Collected data entries
lemma scaled_polygamma_bound_eq_defect:
  assumes "0 < a" "0 < a + c" "c \<noteq> 0"
  shows "(1 / c + t) / a ^ Suc n + (t - 1 / c) / (a + c) ^ Suc n
    = 2 * (scaled_polygamma n (a + c) - scaled_polygamma n a) / c
      + (t - 1) * (1 / a ^ Suc n + 1 / (a + c) ^ Suc n) - defect (scaled_polygamma n) a c / c"
proof -
  define ha hb where "ha = 1 / a ^ Suc n" and "hb = 1 / (a + c) ^ Suc n"
  have defect_eq: "defect (scaled_polygamma n) a c
      = 2 * (scaled_polygamma n (a + c) - scaled_polygamma n a) - (1 + c) * ha + (1 - c) * hb"
    unfolding defect_def ha_def hb_def
    using scaled_polygamma_plus1[OF assms(1)] scaled_polygamma_plus1[OF assms(2)] by simp
  have "(1 / c + t) / a ^ Suc n + (t - 1 / c) / (a + c) ^ Suc n = (1 / c + t) * ha + (t - 1 / c) * hb"
    by (simp add: ha_def hb_def)
  also have "\<dots> = 2 * (scaled_polygamma n (a + c) - scaled_polygamma n a) / c
      + (t - 1) * (ha + hb) - defect (scaled_polygamma n) a c / c"
    unfolding defect_eq using assms(3) by (simp add: field_simps)
  finally show ?thesis
    by (simp add: ha_def hb_def)
qed

lemma polygamma_ineq_gap_lt_oneI:
  assumes c: "0 < c" "c < 1" and "\<beta> \<le> 1" "1 / c \<le> \<gamma>"
  shows "polygamma_ineq_gap c \<beta> \<gamma>"
  unfolding polygamma_ineq_gap_def
proof (intro allI impI)
  fix k :: nat and a b :: real
  assume "k \<ge> 1" "0 < a" "0 < b" "b - a = c"
  then obtain n where k: "k = Suc n" and b: "b = a + c" and a: "0 < a"
    by (cases k) auto
  define ha hb where "ha = 1 / a ^ Suc n" and "hb = 1 / (a + c) ^ Suc n"
  have "0 < ha" "0 < hb"
    using a c by (simp_all add: ha_def hb_def)
  have "(\<beta> - 1) * (ha + hb) \<le> 0"
    using \<open>\<beta> \<le> 1\<close> \<open>0 < ha\<close> \<open>0 < hb\<close> by (simp add: mult_nonpos_nonneg)
  moreover have "0 < defect (scaled_polygamma n) a c / c"
    using increasing_second_deriv.defect_bounds_lt_one(1)[OF scaled_polygamma_increasing_second_deriv a c] c
    by simp
  ultimately have lower: "(\<beta> - 1) * (ha + hb) < defect (scaled_polygamma n) a c / c"
    by linarith
  have "scaled_polygamma n (a + c) < scaled_polygamma n (a + 1)"
    using scaled_polygamma_strict_mono a c by simp
  then have "scaled_polygamma n (a + c) - scaled_polygamma n a < ha"
    using scaled_polygamma_plus1[OF a] by (simp add: ha_def)
  then have "2 * (scaled_polygamma n (a + c) - scaled_polygamma n a) / c < 2 * ha / c"
    using c by (simp add: divide_strict_right_mono)
  also have "\<dots> \<le> (1 / c + \<gamma>) * ha"
    using \<open>1 / c \<le> \<gamma>\<close> \<open>0 < ha\<close> mult_right_mono[of "2 / c" "1 / c + \<gamma>" ha] by simp
  also have "\<dots> \<le> (1 / c + \<gamma>) * ha + (\<gamma> - 1 / c) * hb"
    using \<open>1 / c \<le> \<gamma>\<close> \<open>0 < hb\<close> by simp
  finally have upper: "2 * (scaled_polygamma n (a + c) - scaled_polygamma n a) / c
      < (1 / c + \<gamma>) * ha + (\<gamma> - 1 / c) * hb" .
  show "polygamma_ineq k \<beta> \<gamma> a b"
    using polygamma_ineq_Suc_iff[of c n \<beta> \<gamma> a] scaled_polygamma_bound_eq_defect[of a c \<beta> n] lower upper a c
    by (simp add: k b ha_def hb_def)
qed

lemma polygamma_ineq_gap_gt_oneI:
  assumes c: "1 < c" and "\<beta> \<le> 1 / c" "1 \<le> \<gamma>"
  shows "polygamma_ineq_gap c \<beta> \<gamma>"
  unfolding polygamma_ineq_gap_def
proof (intro allI impI)
  fix k :: nat and a b :: real
  assume "k \<ge> 1" "0 < a" "0 < b" "b - a = c"
  then obtain n where k: "k = Suc n" and b: "b = a + c" and a: "0 < a"
    by (cases k) auto
  define ha hb where "ha = 1 / a ^ Suc n" and "hb = 1 / (a + c) ^ Suc n"
  have "0 < ha" "0 < hb"
    using a c by (simp_all add: ha_def hb_def)
  have "0 \<le> (\<gamma> - 1) * (ha + hb)"
    using \<open>1 \<le> \<gamma>\<close> \<open>0 < ha\<close> \<open>0 < hb\<close> by simp
  moreover have "defect (scaled_polygamma n) a c / c < 0"
    using increasing_second_deriv.defect_bounds_gt_one(1)[OF scaled_polygamma_increasing_second_deriv a c] c
    by (simp add: divide_neg_pos)
  ultimately have upper: "defect (scaled_polygamma n) a c / c < (\<gamma> - 1) * (ha + hb)"
    by linarith
  have "(1 / c + \<beta>) * ha + (\<beta> - 1 / c) * hb \<le> (1 / c + \<beta>) * ha"
    using \<open>\<beta> \<le> 1 / c\<close> \<open>0 < hb\<close> by (simp add: mult_nonpos_nonneg)
  also have "\<dots> \<le> 2 * ha / c"
    using \<open>\<beta> \<le> 1 / c\<close> \<open>0 < ha\<close> mult_right_mono[of "1 / c + \<beta>" "2 / c" ha] by simp
  also have "\<dots> < 2 * (scaled_polygamma n (a + c) - scaled_polygamma n a) / c"
  proof -
    have "scaled_polygamma n (a + 1) < scaled_polygamma n (a + c)"
      using scaled_polygamma_strict_mono a c by simp
    then have "ha < scaled_polygamma n (a + c) - scaled_polygamma n a"
      using scaled_polygamma_plus1[OF a] by (simp add: ha_def)
    then show ?thesis
      using c by (simp add: divide_strict_right_mono)
  qed
  finally have lower: "(1 / c + \<beta>) * ha + (\<beta> - 1 / c) * hb
      < 2 * (scaled_polygamma n (a + c) - scaled_polygamma n a) / c" .
  show "polygamma_ineq k \<beta> \<gamma> a b"
    using polygamma_ineq_Suc_iff[of c n \<beta> \<gamma> a] scaled_polygamma_bound_eq_defect[of a c \<gamma> n] lower upper a c
    by (simp add: k b ha_def hb_def)
qed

→ WORK REQUIRED
Retype all of the data exactly, so that nothing differs from what is given.

→ SOLUTION TO THE EXERCISE
lemma scaled_polygamma_bound_eq_defect:
  assumes "0 < a" "0 < a + c" "c \<noteq> 0"
  shows "(1 / c + t) / a ^ Suc n + (t - 1 / c) / (a + c) ^ Suc n
    = 2 * (scaled_polygamma n (a + c) - scaled_polygamma n a) / c
      + (t - 1) * (1 / a ^ Suc n + 1 / (a + c) ^ Suc n) - defect (scaled_polygamma n) a c / c"
proof -
  define ha hb where "ha = 1 / a ^ Suc n" and "hb = 1 / (a + c) ^ Suc n"
  have defect_eq: "defect (scaled_polygamma n) a c
      = 2 * (scaled_polygamma n (a + c) - scaled_polygamma n a) - (1 + c) * ha + (1 - c) * hb"
    unfolding defect_def ha_def hb_def
    using scaled_polygamma_plus1[OF assms(1)] scaled_polygamma_plus1[OF assms(2)] by simp
  have "(1 / c + t) / a ^ Suc n + (t - 1 / c) / (a + c) ^ Suc n = (1 / c + t) * ha + (t - 1 / c) * hb"
    by (simp add: ha_def hb_def)
  also have "\<dots> = 2 * (scaled_polygamma n (a + c) - scaled_polygamma n a) / c
      + (t - 1) * (ha + hb) - defect (scaled_polygamma n) a c / c"
    unfolding defect_eq using assms(3) by (simp add: field_simps)
  finally show ?thesis
    by (simp add: ha_def hb_def)
qed

lemma polygamma_ineq_gap_lt_oneI:
  assumes c: "0 < c" "c < 1" and "\<beta> \<le> 1" "1 / c \<le> \<gamma>"
  shows "polygamma_ineq_gap c \<beta> \<gamma>"
  unfolding polygamma_ineq_gap_def
proof (intro allI impI)
  fix k :: nat and a b :: real
  assume "k \<ge> 1" "0 < a" "0 < b" "b - a = c"
  then obtain n where k: "k = Suc n" and b: "b = a + c" and a: "0 < a"
    by (cases k) auto
  define ha hb where "ha = 1 / a ^ Suc n" and "hb = 1 / (a + c) ^ Suc n"
  have "0 < ha" "0 < hb"
    using a c by (simp_all add: ha_def hb_def)
  have "(\<beta> - 1) * (ha + hb) \<le> 0"
    using \<open>\<beta> \<le> 1\<close> \<open>0 < ha\<close> \<open>0 < hb\<close> by (simp add: mult_nonpos_nonneg)
  moreover have "0 < defect (scaled_polygamma n) a c / c"
    using increasing_second_deriv.defect_bounds_lt_one(1)[OF scaled_polygamma_increasing_second_deriv a c] c
    by simp
  ultimately have lower: "(\<beta> - 1) * (ha + hb) < defect (scaled_polygamma n) a c / c"
    by linarith
  have "scaled_polygamma n (a + c) < scaled_polygamma n (a + 1)"
    using scaled_polygamma_strict_mono a c by simp
  then have "scaled_polygamma n (a + c) - scaled_polygamma n a < ha"
    using scaled_polygamma_plus1[OF a] by (simp add: ha_def)
  then have "2 * (scaled_polygamma n (a + c) - scaled_polygamma n a) / c < 2 * ha / c"
    using c by (simp add: divide_strict_right_mono)
  also have "\<dots> \<le> (1 / c + \<gamma>) * ha"
    using \<open>1 / c \<le> \<gamma>\<close> \<open>0 < ha\<close> mult_right_mono[of "2 / c" "1 / c + \<gamma>" ha] by simp
  also have "\<dots> \<le> (1 / c + \<gamma>) * ha + (\<gamma> - 1 / c) * hb"
    using \<open>1 / c \<le> \<gamma>\<close> \<open>0 < hb\<close> by simp
  finally have upper: "2 * (scaled_polygamma n (a + c) - scaled_polygamma n a) / c
      < (1 / c + \<gamma>) * ha + (\<gamma> - 1 / c) * hb" .
  show "polygamma_ineq k \<beta> \<gamma> a b"
    using polygamma_ineq_Suc_iff[of c n \<beta> \<gamma> a] scaled_polygamma_bound_eq_defect[of a c \<beta> n] lower upper a c
    by (simp add: k b ha_def hb_def)
qed

lemma polygamma_ineq_gap_gt_oneI:
  assumes c: "1 < c" and "\<beta> \<le> 1 / c" "1 \<le> \<gamma>"
  shows "polygamma_ineq_gap c \<beta> \<gamma>"
  unfolding polygamma_ineq_gap_def
proof (intro allI impI)
  fix k :: nat and a b :: real
  assume "k \<ge> 1" "0 < a" "0 < b" "b - a = c"
  then obtain n where k: "k = Suc n" and b: "b = a + c" and a: "0 < a"
    by (cases k) auto
  define ha hb where "ha = 1 / a ^ Suc n" and "hb = 1 / (a + c) ^ Suc n"
  have "0 < ha" "0 < hb"
    using a c by (simp_all add: ha_def hb_def)
  have "0 \<le> (\<gamma> - 1) * (ha + hb)"
    using \<open>1 \<le> \<gamma>\<close> \<open>0 < ha\<close> \<open>0 < hb\<close> by simp
  moreover have "defect (scaled_polygamma n) a c / c < 0"
    using increasing_second_deriv.defect_bounds_gt_one(1)[OF scaled_polygamma_increasing_second_deriv a c] c
    by (simp add: divide_neg_pos)
  ultimately have upper: "defect (scaled_polygamma n) a c / c < (\<gamma> - 1) * (ha + hb)"
    by linarith
  have "(1 / c + \<beta>) * ha + (\<beta> - 1 / c) * hb \<le> (1 / c + \<beta>) * ha"
    using \<open>\<beta> \<le> 1 / c\<close> \<open>0 < hb\<close> by (simp add: mult_nonpos_nonneg)
  also have "\<dots> \<le> 2 * ha / c"
    using \<open>\<beta> \<le> 1 / c\<close> \<open>0 < ha\<close> mult_right_mono[of "1 / c + \<beta>" "2 / c" ha] by simp
  also have "\<dots> < 2 * (scaled_polygamma n (a + c) - scaled_polygamma n a) / c"
  proof -
    have "scaled_polygamma n (a + 1) < scaled_polygamma n (a + c)"
      using scaled_polygamma_strict_mono a c by simp
    then have "ha < scaled_polygamma n (a + c) - scaled_polygamma n a"
      using scaled_polygamma_plus1[OF a] by (simp add: ha_def)
    then show ?thesis
      using c by (simp add: divide_strict_right_mono)
  qed
  finally have lower: "(1 / c + \<beta>) * ha + (\<beta> - 1 / c) * hb
      < 2 * (scaled_polygamma n (a + c) - scaled_polygamma n a) / c" .
  show "polygamma_ineq k \<beta> \<gamma> a b"
    using polygamma_ineq_Suc_iff[of c n \<beta> \<gamma> a] scaled_polygamma_bound_eq_defect[of a c \<gamma> n] lower upper a c
    by (simp add: k b ha_def hb_def)
qed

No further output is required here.